With every breath we breathe the breath of each other - God’s light
Some things never die.
***
Here is the YouTube clip of a song “Through the Desert” Neriya wrote with the help of some amazing Medical Clowns. We all have our individual arid deserts of travail. He was brave enough to share his.
This is Not a Cholent is dedicated to Neriya and his siblings as they were the first to hear (critique) the story and Neriya recommended (insisted) I put the t’bit recipe at the back. Neriya really loved and was proud of his Iraqi Jewish heritage as well as his Polish and Russian Jewish roots from his mother’s side.
For Your Interest:
Latest Published Lyric Essay - A Forest of Jews
I feel blessed to share this lyric essay recently published in Yad Mizrah, a new Mizrahi and Sephardic literary journal. It was painful to write, but important for me to explore, express and share.
This is Not a Cholent Picture Book Interview and Give Away - I really enjoyed doing this interview with Kathy Temean for her wonderful blog Writing and Illustrating. I love what Kathy writes in her review:
Kids will love how Amira keeps believing in her families Jewish Iraqi family’s special recipe. Children will cheer for Amira and her Nana and learn an important lesson: drown out negative people and keep believing in yourself. They will want to try out Nana’s T’bit Recipe at the end of the book. Parents might also want to say “Yes” to trying something new.

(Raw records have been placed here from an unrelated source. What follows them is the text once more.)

text \<open>
  A state \<open>(n, s, \<Delta>)\<close> records the index of the latest hump, the sum \<open>s\<close> of the humps chosen
  so far, and the radius \<open>\<Delta>\<close> within which the sum of all later humps must stay.
\<close>
definition hump_successor ::
    "('a::real_vector \<Rightarrow> 'a \<Rightarrow> real) \<Rightarrow> ('b::real_vector \<Rightarrow> 'b \<Rightarrow> real) \<Rightarrow> (nat \<Rightarrow> 'a \<Rightarrow> 'b) \<Rightarrow>
      (nat \<Rightarrow> real) \<Rightarrow> nat \<times> 'a \<times> real \<Rightarrow> nat \<times> 'a \<times> real \<Rightarrow> bool" where
  "hump_successor \<rho> d S \<epsilon> = (\<lambda>(n, s, \<Delta>) (n', s', \<Delta>').
     n < n' \<and> 0 < \<Delta>' \<and> \<Delta>' \<le> \<Delta> / 2 \<and> \<rho> (s' - s) 0 \<le> \<Delta> - \<Delta>' \<and>
     (\<exists>c. c \<le> d (S n' (s' - s)) 0 \<and> \<epsilon> n' \<le> c / 2 \<and> d (S n' s) 0 < c / 4 \<and>
          (\<forall>v. \<rho> v 0 \<le> \<Delta>' \<longrightarrow> d (S n' v) 0 < c / 4)))"

lemma hump_successor_exists:
  fixes \<rho> :: "'a::real_vector \<Rightarrow> 'a \<Rightarrow> real" and d :: "'b::real_vector \<Rightarrow> 'b \<Rightarrow> real"
  assumes pointwise: "\<And>x. (\<lambda>n. d (S n x) 0) \<longlonglongrightarrow> 0"
    and cont: "\<And>n \<eta>. \<eta> > 0 \<Longrightarrow> \<exists>\<delta>>0. \<forall>v. \<rho> v 0 \<le> \<delta> \<longrightarrow> d (S n v) 0 < \<eta>"
    and humps: "\<And>\<Delta>. \<Delta> > 0 \<Longrightarrow> \<exists>c>0. \<forall>N. \<exists>n\<ge>N. \<exists>w. \<rho> w 0 < \<Delta> \<and> c \<le> d (S n w) 0"
    and \<epsilon>: "\<epsilon> \<longlonglongrightarrow> 0" and "\<Delta> > 0"
  shows "\<exists>n' s' \<Delta>'. hump_successor \<rho> d S \<epsilon> (n, s, \<Delta>) (n', s', \<Delta>')"
proof -
  obtain c where c: "c > 0" "\<And>N. \<exists>n\<ge>N. \<exists>w. \<rho> w 0 < \<Delta> / 2 \<and> c \<le> d (S n w) 0"
    using humps[of "\<Delta> / 2"] \<open>\<Delta> > 0\<close> by auto
  have "c / 2 > 0" "c / 4 > 0"
    using c(1) by simp_all
  then have "eventually (\<lambda>n. \<epsilon> n < c / 2) sequentially"
    and "eventually (\<lambda>n. d (S n s) 0 < c / 4) sequentially"
    using order_tendstoD(2)[OF \<epsilon>] order_tendstoD(2)[OF pointwise[of s]] by blast+
  then obtain N where N: "\<And>n. N \<le> n \<Longrightarrow> \<epsilon> n < c / 2 \<and> d (S n s) 0 < c / 4"
    using eventually_conj eventually_sequentially by (metis (mono_tags, lifting))
  obtain n' w where n': "max N (Suc n) \<le> n'" and w: "\<rho> w 0 < \<Delta> / 2" "c \<le> d (S n' w) 0"
    using c(2) by blast
  obtain \<delta> where \<delta>: "\<delta> > 0" "\<forall>v. \<rho> v 0 \<le> \<delta> \<longrightarrow> d (S n' v) 0 < c / 4"
    using cont[of "c / 4" n'] c(1) by auto
  have "hump_successor \<rho> d S \<epsilon> (n, s, \<Delta>) (n', s + w, min \<delta> (\<Delta> / 2))"
    unfolding hump_successor_def case_prod_conv
  proof (intro conjI exI)
    show "n < n'" "0 < min \<delta> (\<Delta> / 2)" "min \<delta> (\<Delta> / 2) \<le> \<Delta> / 2"
      using n' \<delta>(1) \<open>\<Delta> > 0\<close> by auto
    show "\<rho> (s + w - s) 0 \<le> \<Delta> - min \<delta> (\<Delta> / 2)"
      using w(1) by simp
    show "c \<le> d (S n' (s + w - s)) 0"
      using w(2) by simp
    show "\<epsilon> n' \<le> c / 2" "d (S n' s) 0 < c / 4"
      using N[of n'] n' by auto
    show "\<forall>v. \<rho> v 0 \<le> min \<delta> (\<Delta> / 2) \<longrightarrow> d (S n' v) 0 < c / 4"
      using \<delta>(2) by auto
  qed
  then show ?thesis by blast
qed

Latest Favorite Book Recommendation - Joan by Katherine J. Chen (Hodder & Stroughton, 2022)
Joan is a beautifully written historical novel about Joan of Arc, who is portrayed as a strong, complex and unforgettable character. It’s full of beautiful writing, thoughts and feelings, truths like this:
“She doesn’t like war. She doesn’t like the stories she hears, the same ones she’s heard all her life: convents desecrated, churches plundered, wheat days away from being harvested reduced to cinders, livestock that the attackers can’t take with them slaughtered, blood and meat to feed the flies. It is bad enough that some years the corp is ruined by bad weather. Winter alone, she thinks, is sufficient to starve and kill. We don’t need the English and the Burgundians to aid winter. It isn’t the work of the English that makes a calf stillborn or a child stop breathing in its cradle.”
How do we explain human-made suffering? Is not God-made suffering enough?
I remembered this paragraph this week as at Neriya’s shiva my cousin’s wife tearfully said she had was on her way to another shiva - another house of mourning. It was her neighbor’s son - a fallen soldier.
From mourning house to mourning house. Choose life. I hear the whispers. Choose life over hate.
Favorite Comfort Recipe - Just to share some comfort, Healthy Banana Oat Muffins - because this for me is the ultimate comfort food that can be stored in the freezer. My boys like it too. I added lots of good quality European dark chocolate chips, and when my blender broke I ended up hand mixing the ingredients and it was just fine. (Okay I’ll admit it tasted oaty - but I love the porridge taste of oats.)
For more about me and my writing visit my website www.sarahsassoon.com
To support my work please consider buying my children’s books, the award winning Shoham’s Bangle, and my latest This is Not a Cholent. My mission is to spread and educate about Jewish Middle Eastern culture.
Read my free online, award winning poetry collection, published by Harbor Review - This is Why We Don’t Look Back.
Note - My Substack will be fortnightly. Maybe more often… I appreciate all comments, all conversations, and all sharing.
Further - All mistakes are proof that I am human, and this is not an AI publication.
With Blessings,
Sarah
Just beautiful, and heartbreaking, Sarah. Sending love your way. And what a beautiful name, Neriya. All love to your family.
Oh Sarah, just reading this now. Sending a big hug to you and your entire family. May Neriya's memory be a blessing.